What a strong DPIA includes

• Processing description and business purpose.
• Data elements, sources, retention, and recipients.
• Risk evaluation for confidentiality, integrity, availability, and fairness.
• Controls: minimization, access, encryption, governance, and testing.
• Decision record and review cadence.

Staff Training on OCPA Compliance

Train frontline and back-office teams to recognize when data is PHI versus consumer personal data. Emphasize consent, collection limits, and the distinct handling of Data Deletion Requests and opt-outs for non-PHI.

Role-specific focus areas

• Contact center: intake, verify, and route consumer rights requests.
• Marketing and digital: tag governance, preference management, and avoiding inadvertent PHI capture.
• IT/security: data mapping, DPIAs, and processor oversight.
• Legal/compliance: exceptions analysis and recordkeeping.

Conclusion

OCPA largely exempts PHI and certain regulated activities, but it still reaches non-PHI consumer data that HIPAA entities handle. By cleanly separating datasets, honoring consumer rights, and embedding DPIAs and training, you can meet OCPA’s data privacy obligations without disrupting care or operations.

FAQs

What data is exempt from the OCPA for HIPAA-covered entities?

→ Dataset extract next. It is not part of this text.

(* For all integers $n\ge 0$, $k\ge 0$, $d\ge 0$ with $(n,k,d)\neq(0,0,1)$, \[ p_n^{(\mathrm{pk},\mathrm{des})}(k,d)+p_n^{(\mathrm{pk},\mathrm{des})}(k,d-1)=\sum_{l,i,j}\binom{n}{l}\, b_l^{(\mathrm{pk},\mathrm{des})}(i,j)\, b_{n-l}^{(\mathrm{pk},\mathrm{des})}(k-i,\,d-l+j), \] where the sum runs over all integers $l,i,j$.
   Context: For a permutation $\pi=\pi_1\cdots\pi_n$ of $[n]$, a descent is a position $1\le i\le n-1$ with $\pi_i>\pi_{i+1}$, an ascent one with $\pi_i<\pi_{i+1}$; $\operatorname{des}(\pi)$, $\operatorname{asc}(\pi)$ are their numbers. A peak is a position $2\le i\le n-1$ with $\pi_{i-1}<\pi_i>\pi_{i+1}$; $\operatorname{pk}(\pi)$ is the number of peaks. A ballot permutation is a permutation $\pi$ with $\operatorname{asc}(\pi_1\cdots\pi_i)\ge\operatorname{des}(\pi_1\cdots\pi_i)$ for all $i\in[n]$; $\mathscr B_n$ is the set of ballot permutations of $[n]$, and $\mathscr B_0=\{\epsilon\}$ consists of the empty permutation (and $\mathcal S_0=\{\epsilon\}$), with $\operatorname{pk}(\epsilon)=\operatorname{des}(\epsilon)=0$. Define $p_n^{(\mathrm{pk},\mathrm{des})}(k,d)=|\{\pi\in\mathcal S_n:\operatorname{pk}(\pi)=k,\operatorname{des}(\pi)=d\}|$ and $b_n^{(\mathrm{pk},\mathrm{des})}(k,d)=|\{\pi\in\mathscr B_n:\operatorname{pk}(\pi)=k,\operatorname{des}(\pi)=d\}|$; these are $0$ if any of $n,k,d$ is negative. Binomial coefficients $\binom{n}{l}$ are $0$ unless $0\le l\le n$. *)

theory Defs
  imports Main
begin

Protected Health Information processed under HIPAA, HIPAA-compliant de-identified information, and data handled solely for regulated activities (such as public health reporting or clinical research under applicable rules) are typically exempt. Employment-context data is also generally excluded.

How does the OCPA interact with HIPAA compliance?

OCPA defers to HIPAA for PHI and related activities, but it applies to non-PHI consumer data that a HIPAA covered entity collects—such as website analytics, event registrations, or marketing lists. You must therefore run parallel programs: HIPAA for PHI, and OCPA controls for non-PHI.

What are the key compliance steps for HIPAA entities under the OCPA?

Map and segregate PHI versus non-PHI, update privacy notices, implement Consumer Rights Mechanisms, process opt-outs, manage Data Deletion Requests, run DPIAs for high-risk activities, and tighten vendor oversight—especially for advertising and analytics technologies.

How should consumer rights be managed under the OCPA?

Offer simple intake channels, verify identity, determine whether the data is exempt, and respond within required timelines. Provide access, correction, deletion, and portability for eligible data, plus opt-outs from targeted advertising, sale, and certain profiling, with a clear appeals process when requests are denied.